Алексей Макеев - Кремлевская пуля
– Может, вы ее просто готовить не умеете? – ответил избитой шуткой парень, но Гуров на это никак не отреагировал, продолжал упорно смотреть в окно.
Савельев понял, что что-то действительно не так, затормозил, съехал на обочину и стал ждать объяснений.
Наконец, полковник сказал:
– Меня смущают некоторые факты относительно нее. Ты же сам с ней никогда не общался?
– Бог миловал, – непонимающе ответил парень.
– Значит, основываешься на мнении других людей, а кого?
– Знакомых мужиков, – тем же тоном ответил Степан. – Я же говорил, что девки с ней не дружат.
– Да-да, чтобы не выглядеть на ее фоне уродинами. А почему ты не подумал о том, что не слишком симпатичные девицы могут как раз стремиться быть к ней поближе, чтобы, прости за грубость, подбирать крохи с барского стола?
– То есть она кого-то отвергнет, а те переметнутся к ним? – уточнил Савельев.
– А ты школьные годы вспомни, – посоветовал Лев Иванович. – Рядом с красивой девчонкой обязательно крутились не самые привлекательные.
Степан задумался, потом кивнул.
– Да, было такое, и что?
– Ответ на поверхности. Это она сама никого из девиц к себе не приближает. Почему? Тут я тебе отвечу старой избитой истиной: женщина всегда сможет обмануть мужчину, но вот другую женщину – никогда! – сказал Лев Иванович. – А еще вспомни, что Дима рассказывал о Паршине. Тот Наталью всячески ругал и при этом говорил, что она всех обманывает.

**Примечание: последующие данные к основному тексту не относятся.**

lemma mv_convex_risk_measureD:
  assumes "mv_convex_risk_measure R"
  shows "rv_le u v \<Longrightarrow> R v \<subseteq> R u"
    and "R (u + const_rv z) = (\<lambda>x. x + z) ` R u"
    and "R u \<noteq> {}"
    and "0 < g \<Longrightarrow> g < 1 \<Longrightarrow>
      {g *\<^sub>R a + (1 - g) *\<^sub>R b | a b. a \<in> R u \<and> b \<in> R v} \<subseteq> R (g *\<^sub>R u + (1 - g) *\<^sub>R v)"
    and "closed (acceptance_set R)"
  using assms unfolding mv_convex_risk_measure_def by simp_all

lemma risk_measure_mem_iff:
  assumes "mv_convex_risk_measure R"
  shows "z \<in> R u \<longleftrightarrow> u - const_rv z \<in> acceptance_set R"
proof -
  have "u - const_rv z = u + const_rv (- z)"
    by (simp add: const_rv_def vec_eq_iff)
  then have "R (u - const_rv z) = (\<lambda>x. x + - z) ` R u"
    by (simp only: mv_convex_risk_measureD(2)[OF assms])
  moreover have "0 \<in> (\<lambda>x. x + - z) ` R u \<longleftrightarrow> z \<in> R u"
    by (auto simp: image_iff)
  ultimately show ?thesis
    unfolding acceptance_set_def by simp
qed

lemma acceptance_set_nonempty:
  assumes "mv_convex_risk_measure R"
  shows "acceptance_set R \<noteq> {}"
proof -
  obtain z where "z \<in> R 0"
    using mv_convex_risk_measureD(3)[OF assms] by blast
  then show ?thesis
    using risk_measure_mem_iff[OF assms] by blast
qed

lemma acceptance_set_downward_closed:
  assumes "mv_convex_risk_measure R"
  shows "\<forall>a\<in>acceptance_set R. \<forall>w. rv_le w a \<longrightarrow> w \<in> acceptance_set R"
  using mv_convex_risk_measureD(1)[OF assms] unfolding acceptance_set_def by blast

lemma convex_acceptance_set:
  assumes "mv_convex_risk_measure R"
  shows "convex (acceptance_set R)"
proof (rule convexI)
  fix x y and a b :: real
  assume x: "x \<in> acceptance_set R" and y: "y \<in> acceptance_set R"
    and ab: "0 \<le> a" "0 \<le> b" "a + b = 1"
  show "a *\<^sub>R x + b *\<^sub>R y \<in> acceptance_set R"
  proof (cases "a = 0 \<or> b = 0")
    case True
    then show ?thesis using ab x y by auto
  next
    case False
    then have "0 < a" "a < 1" "b = 1 - a"
      using ab by auto
    moreover have "a *\<^sub>R 0 + (1 - a) *\<^sub>R 0 \<in> {a *\<^sub>R p + (1 - a) *\<^sub>R q | p q. p \<in> R x \<and> q \<in> R y}"
      using x y unfolding acceptance_set_def by blast
    ultimately have "0 \<in> R (a *\<^sub>R x + (1 - a) *\<^sub>R y)"
      using mv_convex_risk_measureD(4)[OF assms] by fastforce
    then show ?thesis
      using \<open>b = 1 - a\<close> unfolding acceptance_set_def by simp
  qed
qed

lemma separating_nonneg_functional:
  fixes A :: "(real^'j::finite^'i::finite) set"
  assumes "convex A" and "closed A" and "A \<noteq> {}" and "x \<notin> A"
    and down: "\<forall>a\<in>A. \<forall>w. rv_le w a \<longrightarrow> w \<in> A"
  obtains n b where "\<And>i j. 0 \<le> n$i$j" and "n \<noteq> 0"
    and "\<And>y. y \<in> A \<Longrightarrow> n \<bullet> y < b" and "b < n \<bullet> x"
proof -
  obtain a c where ac: "a \<bullet> x < c" "\<forall>y\<in>A. c < a \<bullet> y"
    using separating_hyperplane_closed_point[OF assms(1,2,4)] by blast
  define n where "n = - a"
  have below: "n \<bullet> y < - c" if "y \<in> A" for y
    using ac(2) that unfolding n_def by simp
  have above: "- c < n \<bullet> x"
    using ac(1) unfolding n_def by simp
  obtain a0 where a0: "a0 \<in> A"
    using assms(3) by blast
  have "0 \<le> n$i$j" for i j
  proof (rule ccontr)
    assume neg: "\<not> 0 \<le> n$i$j"
    define E :: "real^'j^'i" where "E = axis i (axis j 1)"
    define t where "t = (- c - n \<bullet> a0) / (- n$i$j)"
    \<comment> \<open>lowering entry (i, j) of a0 by t stays in A but reaches the hyperplane\<close>
    have "t \<ge> 0"
      unfolding t_def using below[OF a0] neg by (intro divide_nonneg_pos) auto
    then have "rv_le (a0 - t *\<^sub>R E) a0"
      unfolding rv_le_def E_def by (simp add: axis_def)
    then have "n \<bullet> (a0 - t *\<^sub>R E) < - c"
      using below down a0 by blast
    moreover have "n \<bullet> E = n$i$j"
      unfolding E_def by (simp add: inner_axis)
    then have "n \<bullet> (a0 - t *\<^sub>R E) = - c"
      using neg unfolding t_def by (simp add: inner_diff_right inner_add_right field_simps)
    ultimately show False
      by simp
  qed
  moreover have "n \<noteq> 0"
    using below[OF a0] above by auto
  ultimately show thesis
    using that below above by blast
qed

lemma nonneg_functional_eq_scaled_dual_pair:
  fixes n :: "real^'j::finite^'i::finite"
  assumes nonneg: "\<And>i j. 0 \<le> n$i$j" and "n \<noteq> 0"
  obtains \<mu> \<gamma> s where "\<mu> \<in> M1" and "\<forall>j. 0 \<le> \<gamma>$j" and "\<gamma> \<bullet> ones = 1" and "s > 0"
    and "\<And>y. \<gamma> \<bullet> expect \<mu> y = (n \<bullet> y) / s"
proof -
  define N where "N j = (\<Sum>i\<in>UNIV. n$i$j)" for j
  define s where "s = (\<Sum>j\<in>UNIV. N j)"
  have N_nonneg: "0 \<le> N j" for j
    unfolding N_def by (simp add: nonneg sum_nonneg)
  have N_zero: "N j = 0 \<Longrightarrow> n$i$j = 0" for i j
    unfolding N_def using sum_nonneg_eq_0_iff[of UNIV "\<lambda>i. n$i$j"] nonneg by auto
  obtain i0 j0 where "n$i0$j0 \<noteq> 0"
    using \<open>n \<noteq> 0\<close> by (metis vec_eq_iff zero_index)
  then have "N j0 > 0"
    using N_zero N_nonneg[of j0] by force
  then have s_pos: "s > 0"
    unfolding s_def using sum_pos2[of UNIV j0 N] N_nonneg by auto
  define \<gamma> :: "real^'j" where "\<gamma> = (\<chi> j. N j / s)"
  \<comment> \<open>columns with N j = 0 carry no weight; any probability measure will do there\<close>
  define \<mu> :: "real^'j^'i" where
    "\<mu> = (\<chi> i j. if N j = 0 then 1 / real CARD('i) else n$i$j / N j)"
  have \<mu>: "\<mu> \<in> M1"
    unfolding M1_def
  proof (intro CollectI conjI allI)
    fix i j
    show "0 \<le> \<mu>$i$j"
      unfolding \<mu>_def using nonneg N_nonneg by simp
  next
    fix j
    show "(\<Sum>i\<in>UNIV. \<mu>$i$j) = 1"
      by (cases "N j = 0") (simp_all add: \<mu>_def N_def flip: sum_divide_distrib)
  qed
  have \<gamma>_nonneg: "\<forall>j. 0 \<le> \<gamma>$j"
    unfolding \<gamma>_def using N_nonneg s_pos by simp
  have \<gamma>_ones: "\<gamma> \<bullet> ones = 1"
    unfolding \<gamma>_def ones_def inner_vec_def using s_pos by (simp add: s_def flip: sum_divide_distrib)
  have scaled: "\<gamma> \<bullet> expect \<mu> y = (n \<bullet> y) / s" for y
  proof -
    have weight: "\<gamma>$j * \<mu>$i$j = n$i$j / s" for i j
      using N_zero unfolding \<gamma>_def \<mu>_def by auto
    have "\<gamma> \<bullet> expect \<mu> y = (\<Sum>j\<in>UNIV. \<Sum>i\<in>UNIV. (\<gamma>$j * \<mu>$i$j) * y$i$j)"
      unfolding inner_vec_def expect_def by (simp add: sum_distrib_left mult.assoc)
    also have "\<dots> = (\<Sum>j\<in>UNIV. \<Sum>i\<in>UNIV. n$i$j * y$i$j / s)"
      by (simp add: weight)
    also have "\<dots> = (\<Sum>i\<in>UNIV. \<Sum>j\<in>UNIV. n$i$j * y$i$j) / s"
      by (subst sum.swap) (simp add: sum_divide_distrib)
    finally show ?thesis
      by (simp add: inner_vec_def)
  qed
  show thesis
    by (rule that[OF \<mu> \<gamma>_nonneg \<gamma>_ones s_pos scaled])
qed

lemma mem_risk_shift_iff:
  assumes "mv_convex_risk_measure R"
  shows "v + \<alpha> *\<^sub>R ones \<in> R u \<longleftrightarrow>
         u - const_rv v - const_rv (\<alpha> *\<^sub>R ones) \<in> acceptance_set R"
  by (simp add: risk_measure_mem_iff[OF assms] const_rv_add diff_diff_eq)

lemma dual_value_le_if_mem:
  assumes "mv_convex_risk_measure R" and "\<mu> \<in> M1" and "\<gamma> \<bullet> ones = 1"
    and "v + \<alpha> *\<^sub>R ones \<in> R u"
  shows "ereal (\<gamma> \<bullet> (expect \<mu> u - v)) - penalty R \<mu> \<gamma> \<le> ereal \<alpha>"
proof -
  have "ereal (\<gamma> \<bullet> expect \<mu> (u - const_rv v - const_rv (\<alpha> *\<^sub>R ones))) \<le> penalty R \<mu> \<gamma>"
    using assms(1,4) by (simp add: mem_risk_shift_iff penalty_ge_accepted)
  then have "ereal (\<gamma> \<bullet> (expect \<mu> u - v) - \<alpha>) \<le> penalty R \<mu> \<gamma>"
    by (simp only: inner_expect_shift[OF assms(2,3)])
  then show ?thesis
    by (cases "penalty R \<mu> \<gamma>") auto
qed

lemma dual_value_gt_if_not_mem:
  assumes R: "mv_convex_risk_measure R" and "v + c *\<^sub>R ones \<notin> R u"
  obtains \<mu> \<gamma> where "\<mu> \<in> M1" and "\<forall>j. 0 \<le> \<gamma>$j" and "\<gamma> \<bullet> ones = 1"
    and "ereal c < ereal (\<gamma> \<bullet> (expect \<mu> u - v)) - penalty R \<mu> \<gamma>"
proof -
  define x where "x = u - const_rv v - const_rv (c *\<^sub>R ones)"
  have "x \<notin> acceptance_set R"
    using assms unfolding x_def by (simp add: mem_risk_shift_iff)
  obtain n b where nonneg: "\<And>i j. 0 \<le> n$i$j" and "n \<noteq> 0"
    and below: "\<And>y. y \<in> acceptance_set R \<Longrightarrow> n \<bullet> y < b" and above: "b < n \<bullet> x"
    using separating_nonneg_functional[OF convex_acceptance_set[OF R] mv_convex_risk_measureD(5)[OF R]
        acceptance_set_nonempty[OF R] \<open>x \<notin> acceptance_set R\<close>
        acceptance_set_downward_closed[OF R]]
    by blast
  obtain \<mu> \<gamma> s where \<mu>: "\<mu> \<in> M1" and \<gamma>: "\<forall>j. 0 \<le> \<gamma>$j" "\<gamma> \<bullet> ones = 1" and "s > 0"
    and scaled: "\<And>y. \<gamma> \<bullet> expect \<mu> y = (n \<bullet> y) / s"
    using nonneg_functional_eq_scaled_dual_pair[OF nonneg \<open>n \<noteq> 0\<close>] by blast
  have "penalty R \<mu> \<gamma> \<le> ereal (b / s)"
    unfolding penalty_def
  proof (rule SUP_least)
    fix y
    assume "y \<in> acceptance_set R"
    then show "ereal (\<gamma> \<bullet> expect \<mu> y) \<le> ereal (b / s)"
      using below \<open>s > 0\<close> by (simp add: scaled divide_right_mono less_imp_le)
  qed
  moreover have "b / s < \<gamma> \<bullet> (expect \<mu> u - v) - c"
  proof -
    have "b / s < (n \<bullet> x) / s"
      using above \<open>s > 0\<close> by (simp add: divide_strict_right_mono)
    also have "\<dots> = \<gamma> \<bullet> (expect \<mu> u - v) - c"
      unfolding x_def scaled[symmetric] by (rule inner_expect_shift[OF \<mu> \<gamma>(2)])
    finally show ?thesis .
  qed
  ultimately have "ereal c < ereal (\<gamma> \<bullet> (expect \<mu> u - v)) - penalty R \<mu> \<gamma>"
    by (cases "penalty R \<mu> \<gamma>") auto
  then show thesis
    by (rule that[OF \<mu> \<gamma>])
qed

lemma ereal_Inf_le_SupI:
  fixes S :: "ereal set"
  assumes "\<And>c. \<not> P c \<Longrightarrow> \<exists>s\<in>S. ereal c < s"
  shows "Inf {ereal \<alpha> | \<alpha>. P \<alpha>} \<le> Sup S"
proof (rule ccontr)
  assume "\<not> Inf {ereal \<alpha> | \<alpha>. P \<alpha>} \<le> Sup S"
  then obtain c where "Sup S < ereal c" and c_below: "ereal c < Inf {ereal \<alpha> | \<alpha>. P \<alpha>}"
    using ereal_dense2 not_le by meson
  have "\<not> P c"
  proof
    assume "P c"
    then have "Inf {ereal \<alpha> | \<alpha>. P \<alpha>} \<le> ereal c"
      by (blast intro: Inf_lower)
    with c_below show False
      by simp
  qed
  then obtain s where "s \<in> S" and "ereal c < s"
    using assms by blast
  then have "ereal c < Sup S"
    using Sup_upper less_le_trans by blast
  with \<open>Sup S < ereal c\<close> show False
    by simp
qed

theorem lemma5p5:
  fixes p :: "'i::finite \<Rightarrow> real"
    and R :: "real^'j::finite^'i \<Rightarrow> (real^'j) set"
    and v :: "real^'j"
    and u :: "real^'j^'i"
  assumes "CARD('i) \<ge> 2"
    and "\<And>i. p i > 0"
    and "(\<Sum>i\<in>UNIV. p i) = 1"
    and "mv_convex_risk_measure R"
  shows "Inf {ereal \<alpha> | \<alpha>. v + \<alpha> *\<^sub>R ones \<in> R u}
       = Sup {ereal (\<gamma> \<bullet> (expect \<mu> u - v)) - penalty R \<mu> \<gamma> | \<mu> \<gamma>.
                \<mu> \<in> M1 \<and> (\<forall>j. 0 \<le> \<gamma>$j) \<and> \<gamma> \<bullet> ones = 1}"
    (is "Inf ?T = Sup ?S")
proof (rule antisym)
  show "Sup ?S \<le> Inf ?T"
  proof (intro Sup_least Inf_greatest)
    fix s t
    assume "s \<in> ?S" and "t \<in> ?T"
    from \<open>s \<in> ?S\<close> obtain \<mu> \<gamma> where "\<mu> \<in> M1" "\<gamma> \<bullet> ones = 1"
      and s: "s = ereal (\<gamma> \<bullet> (expect \<mu> u - v)) - penalty R \<mu> \<gamma>"
      by blast
    from \<open>t \<in> ?T\<close> obtain \<alpha> where "v + \<alpha> *\<^sub>R ones \<in> R u" and t: "t = ereal \<alpha>"
      by blast
    show "s \<le> t"
      unfolding s t by (rule dual_value_le_if_mem) fact+
  qed
  show "Inf ?T \<le> Sup ?S"
  proof (rule ereal_Inf_le_SupI)
    fix c
    assume "v + c *\<^sub>R ones \<notin> R u"
    then obtain \<mu> \<gamma> where "\<mu> \<in> M1" "\<forall>j. 0 \<le> \<gamma>$j" "\<gamma> \<bullet> ones = 1"
      and gt: "ereal c < ereal (\<gamma> \<bullet> (expect \<mu> u - v)) - penalty R \<mu> \<gamma>"
      using dual_value_gt_if_not_mem[OF assms(4)] by blast
    have "ereal (\<gamma> \<bullet> (expect \<mu> u - v)) - penalty R \<mu> \<gamma> \<in> ?S"
      using \<open>\<mu> \<in> M1\<close> \<open>\<forall>j. 0 \<le> \<gamma>$j\<close> \<open>\<gamma> \<bullet> ones = 1\<close> by blast
    with gt show "\<exists>s\<in>?S. ereal c < s"
      by blast
  qed
qed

– Но ведь она изменяла с ним своему мужу, – возразил Савельев.
– Ты всерьез думаешь, что Паршина это хоть немного задевало? – Гуров усмехнулся. – Он говорил «всех»! С виду, мол, женщины трогательные и беззащитные, а на самом деле ведьмы, хитрые и жестокие. При этом учти, что Дима сам ничего не способен выдумать, он честно передал нам слова Паршина. Кого тот имел в виду? Жену, с которой давно развелся? Нет! Скорее Наталью.
– То есть мы все ее считаем набитой дурой, а она…
– А она ее только изображает, потому что с дуры спроса нет, – закончил сыщик. – Для того чтобы столько лет изображать недалекую особу и ни разу не проколоться, нужно быть очень умной женщиной.
– Но это же в корне меняет все дело, – воскликнул Савельев.
– Вот именно. Теперь все будет зависеть от того, сможем мы разговорить Паршина или нет. У тебя с собой диктофон есть?
– Обижаете, Лев Иванович, – думая о чем-то своем, ответил Степан.
– Вот и хорошо, потому что я ни на работе, ни дома не был, так что пустой. Одалживаться у местных не хотелось бы. Потом придется снова сюда тащиться, чтобы вернуть.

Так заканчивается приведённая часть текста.